The pfcc-extras library provides three specialized functions for adsorption structure exploration, tailored to different system types: Slab models (adstructure_search_for_slab), Cluster models (adstructure_search_for_cluster), and Porous materials (adstructure_search_for_porous).
While these functions perform well with default settings, you can enhance exploration efficiency and more by tuning parameters to match your specific system. This article explains the key settings that offer the most impact.
1. Sampler Settings
The Sampler is the core engine of your search. By refining the TPESampler settings (as used in our examples), you can guide the search toward high-quality structures more effectively.
prior_weight
Role: An index determining how much weight is given to the center of the search domain.
Tuning Tip: Increasing this value prioritizes "exploration of unknown regions," while decreasing it prioritizes "exploitation" (searching around promising areas). In adsorption searches, the "surface" often occupies a small fraction of the total search space. Setting this lower than the default 1.0 (e.g., 0.5) can help the sampler focus more intensely on promising regions near the surface.
n_start_up_trials
Role: The number of initial trials performed using purely random sampling before Bayesian optimization begins.
Tuning Tip: In systems with large vacuum layers, the sampler might fail to find a single "adsorbed" state if the initial trial count is too low, causing subsequent optimization to stall. We recommend setting a sufficient number of startup trials to ensure the surface is encountered early on.
multivariate
Role: Determines whether variables are sampled independently or by considering their correlations.
Tuning Tip: Setting
multivariate=Trueimproves sampling quality. When dealing with large molecules or complex surfaces where the computational cost per trial is high, this setting is effective for ensuring each trial is more "informed" and deliberate.
seed
Role: Fixes the random number generator to improve reproducibility (e.g.,
TPESampler(seed=10)).Note on Reproducibility: If you are using parallel processing to increase speed, calculations become non-deterministic, making full reproducibility difficult even with a fixed seed. For reproducibility, set
n_jobs=1to run trials sequentially. Note, however, that PFP inference involves minor GPU-related numerical errors, so exact bit-for-bit reproducibility can still be challenging.

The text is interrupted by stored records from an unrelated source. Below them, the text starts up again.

theorem corollaryc:
  fixes V :: "'v set" and E :: "('v \<times> 'v) set"
  assumes "digraph_ok V E"
    and "totally_cyclic E"
    and "three_edge_connected V (underlying_edges E)"
  shows "\<exists>r. strict_linear_order_on E r \<and> r \<subseteq> E \<times> E
           \<and> strong_map (cut_circuits V E) (order_circuits r)"
proof -
  have "finite V" "E \<subseteq> V \<times> V"
    using assms(1) by (auto simp: digraph_ok_def)
  then have "finite E"
    using finite_subset[of E "V \<times> V"] by auto
  have connected: "connected_on V (underlying_edges E)"
    using assms(3) by (auto simp: three_edge_connected_def)
  obtain f where f: "circulation E f" "\<forall>e\<in>E. f e > 0"
    using totally_cyclic_positive_circulation[OF \<open>finite E\<close> assms(2)] .
  obtain g where g: "circulation E g" "inj_on (\<lambda>e. g e / f e) E"
    using exists_generic_circulation[OF \<open>finite E\<close> \<open>E \<subseteq> V \<times> V\<close> assms(3) f(2)] .
  define r where "r = {(a, b). a \<in> E \<and> b \<in> E \<and> g a / f a < g b / f b}"
  have "cut_circuits V E \<subseteq> vectors_of (order_circuits r)"
  proof
    fix X assume "X \<in> cut_circuits V E"
    then obtain S where "S \<subseteq> V" "S \<noteq> {}" "S \<noteq> V" "X = (cut_out E S, cut_in E S)"
      unfolding cut_circuits_def cut_out_def cut_in_def by blast
    then show "X \<in> vectors_of (order_circuits r)"
      unfolding r_def using cut_mem_vectors_of_ratio_order[OF \<open>finite E\<close> f g(1,2)]
        connected_on_cut_nonempty[OF connected] by blast
  qed
  moreover have "strict_linear_order_on E r"
    unfolding r_def using g(2) by (rule strict_linear_order_on_inj_key)
  ultimately show ?thesis
    unfolding strong_map_def r_def by blast
qed

end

Note: While Optuna supports various other samplers,
TPESampleris generally sufficient for most use cases. If you wish to experiment with others, please refer to the Optuna documentation.
2. Callback Settings
As of pfcc-extras v0.13.0, you can now utilize Optuna callbacks. This allows for the implementation of Early Stopping. Instead of guessing the ideal number of trials (n_trials) beforehand, you can set a high n_trials value and use a Terminator to stop the search automatically once it converges, saving computational resources.
Implementation Example: Stopping when progress stagnates
In the following example, the search will automatically terminate if the best score is not updated for 150 consecutive trials.
from optuna.terminator import Terminator, TerminatorCallback, BestValueStagnationEvaluator
# Define criteria to stop if there is no improvement for 150 trials
improvement_evaluator = BestValueStagnationEvaluator(max_stagnation_trials=150)
terminator = Terminator(improvement_evaluator=improvement_evaluator)
adstructure_search_for_slab(
calc_mode = calc_mode,
…,
n_trials = 1000, # Set a high limit
sampler = optuna.samplers.TPESampler(),
callbacks = [TerminatorCallback(terminator)] # Enable automatic stopping
)You can also utilize other improvement_evaluator types or define an error_evaluator. For a full list of implemented evaluators, please refer to the Optuna documentation.